### Aim of the task
Copy out again, unchanged, the line that contains "using assms by" and every line after it down to the last line of the data.

=-=-=

(* Let $d\ge 2$ and let $G$ be a germ. Then every vector $p\in G$ has at most $\frac{d(d-1)}{2}$ entries equal to zero.
   Context: Fix an integer $d\ge 2$. $\langle\cdot,\cdot\rangle$ denotes the standard inner product on $\mathbb{R}^{d^2}$. The probability simplex is $\Delta=\{p\in\mathbb{R}^{d^2}: p(i)\ge 0\ \forall i,\ \sum_i p(i)=1\}$. A subset $A\subseteq\Delta$ is a germ if $\frac{1}{d(d+1)}\le\langle p,s\rangle\le\frac{2}{d(d+1)}$ for all $p,s\in A$ (including $p=s$). *)

theory Defs
  imports "HOL-Analysis.Analysis"
begin

text \<open>Vectors in R^(d^2) are represented as functions nat => real, with
coordinates indexed by {..<d^2}; values outside this index set are irrelevant.\<close>

definition ip :: "nat \<Rightarrow> (nat \<Rightarrow> real) \<Rightarrow> (nat \<Rightarrow> real) \<Rightarrow> real" where
  "ip d p s = (\<Sum>i<d^2. p i * s i)"

definition prob_simplex :: "nat \<Rightarrow> (nat \<Rightarrow> real) set" where
  "prob_simplex d = {p. (\<forall>i<d^2. p i \<ge> 0) \<and> (\<Sum>i<d^2. p i) = 1}"

definition germ :: "nat \<Rightarrow> (nat \<Rightarrow> real) set \<Rightarrow> bool" where
  "germ d A \<longleftrightarrow> A \<subseteq> prob_simplex d \<and>
     (\<forall>p\<in>A. \<forall>s\<in>A. 1 / (real d * (real d + 1)) \<le> ip d p s \<and>
                      ip d p s \<le> 2 / (real d * (real d + 1)))"

end

theory Submission
  imports Defs
begin

text \<open>By Cauchy--Schwarz, a probability vector with k nonzero entries has squared norm
  at least 1/k. For p in a germ the squared norm is at most 2/(d(d+1)), so p has at
  least d(d+1)/2 nonzero entries out of d^2, leaving at most d(d-1)/2 zeros.\<close>

lemma sum_squared_le_sum_of_squares_support:
  fixes f :: "'a \<Rightarrow> real"
  assumes "finite A"
  shows "(\<Sum>i\<in>A. f i)\<^sup>2 \<le> (\<Sum>i\<in>A. (f i)\<^sup>2) * card {i\<in>A. f i \<noteq> 0}"
proof -
  have "(\<Sum>i\<in>A. f i) = (\<Sum>i\<in>{i\<in>A. f i \<noteq> 0}. f i)"
    by (rule sum.mono_neutral_right) (auto simp: assms)
  moreover have "(\<Sum>i\<in>A. (f i)\<^sup>2) = (\<Sum>i\<in>{i\<in>A. f i \<noteq> 0}. (f i)\<^sup>2)"
    by (rule sum.mono_neutral_right) (auto simp: assms)
  ultimately show ?thesis
    using sum_squared_le_sum_of_squares by simp
qed

lemma prob_simplex_support_card_ge:
  assumes "p \<in> prob_simplex d"
  shows "1 \<le> ip d p p * card {i. i < d^2 \<and> p i \<noteq> 0}"
proof -
  have "(\<Sum>i<d^2. p i) = 1"
    using assms by (simp add: prob_simplex_def)
  moreover have "{i\<in>{..<d^2}. p i \<noteq> 0} = {i. i < d^2 \<and> p i \<noteq> 0}"
    by auto
  ultimately show ?thesis
    using sum_squared_le_sum_of_squares_support[of "{..<d^2}" p]
    by (simp add: ip_def power2_eq_square)
qed

lemma card_zeros_add_card_support:
  fixes p :: "nat \<Rightarrow> real"
  shows "card {i. i < n \<and> p i = 0} + card {i. i < n \<and> p i \<noteq> 0} = n"
proof -
  have "{i. i < n \<and> p i = 0} \<union> {i. i < n \<and> p i \<noteq> 0} = {..<n}"
    by auto
  then show ?thesis
    by (subst card_Un_disjoint[symmetric]) auto
qed

theorem mainTheorem2:
  fixes d :: nat and G :: "(nat \<Rightarrow> real) set" and p :: "nat \<Rightarrow> real"
  assumes "d \<ge> 2" and "germ d G" and "p \<in> G"
  shows "real (card {i. i < d^2 \<and> p i = 0}) \<le> real d * (real d - 1) / 2"
proof -
  define k where "k = real (card {i. i < d^2 \<and> p i \<noteq> 0})"
  have simplex: "p \<in> prob_simplex d"
    and norm_le: "ip d p p \<le> 2 / (real d * (real d + 1))"
    using assms(2,3) unfolding germ_def by auto
  have d_pos: "real d * (real d + 1) > 0"
    using assms(1) by simp
  have "1 \<le> ip d p p * k"
    using prob_simplex_support_card_ge[OF simplex] by (simp add: k_def)
  also have "\<dots> \<le> 2 / (real d * (real d + 1)) * k"
    using norm_le k_def by (intro mult_right_mono) auto
  finally have "real d * (real d + 1) \<le> 2 * k"
    using d_pos by (simp add: field_simps)
  moreover have "real (card {i. i < d^2 \<and> p i = 0}) + k = real d ^ 2"
    unfolding k_def by (metis card_zeros_add_card_support of_nat_add of_nat_power)
  ultimately show ?thesis
    by (simp add: power2_eq_square algebra_simps)
qed

end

=-=-=

### Written response
    using assms by (simp add: prob_simplex_def)
  moreover have "{i\<in>{..<d^2}. p i \<noteq> 0} = {i. i < d^2 \<and> p i \<noteq> 0}"
    by auto
  ultimately show ?thesis
    using sum_squared_le_sum_of_squares_support[of "{..<d^2}" p]
    by (simp add: ip_def power2_eq_square)
qed

lemma card_zeros_add_card_support:
  fixes p :: "nat \<Rightarrow> real"
  shows "card {i. i < n \<and> p i = 0} + card {i. i < n \<and> p i \<noteq> 0} = n"
proof -
  have "{i. i < n \<and> p i = 0} \<union> {i. i < n \<and> p i \<noteq> 0} = {..<n}"
    by auto
  then show ?thesis
    by (subst card_Un_disjoint[symmetric]) auto
qed

theorem mainTheorem2:
  fixes d :: nat and G :: "(nat \<Rightarrow> real) set" and p :: "nat \<Rightarrow> real"
  assumes "d \<ge> 2" and "germ d G" and "p \<in> G"
  shows "real (card {i. i < d^2 \<and> p i = 0}) \<le> real d * (real d - 1) / 2"
proof -
  define k where "k = real (card {i. i < d^2 \<and> p i \<noteq> 0})"
  have simplex: "p \<in> prob_simplex d"
    and norm_le: "ip d p p \<le> 2 / (real d * (real d + 1))"
    using assms(2,3) unfolding germ_def by auto
  have d_pos: "real d * (real d + 1) > 0"
    using assms(1) by simp
  have "1 \<le> ip d p p * k"
    using prob_simplex_support_card_ge[OF simplex] by (simp add: k_def)
  also have "\<dots> \<le> 2 / (real d * (real d + 1)) * k"
    using norm_le k_def by (intro mult_right_mono) auto
  finally have "real d * (real d + 1) \<le> 2 * k"
    using d_pos by (simp add: field_simps)
  moreover have "real (card {i. i < d^2 \<and> p i = 0}) + k = real d ^ 2"
    unfolding k_def by (metis card_zeros_add_card_support of_nat_add of_nat_power)
  ultimately show ?thesis
    by (simp add: power2_eq_square algebra_simps)
qed

end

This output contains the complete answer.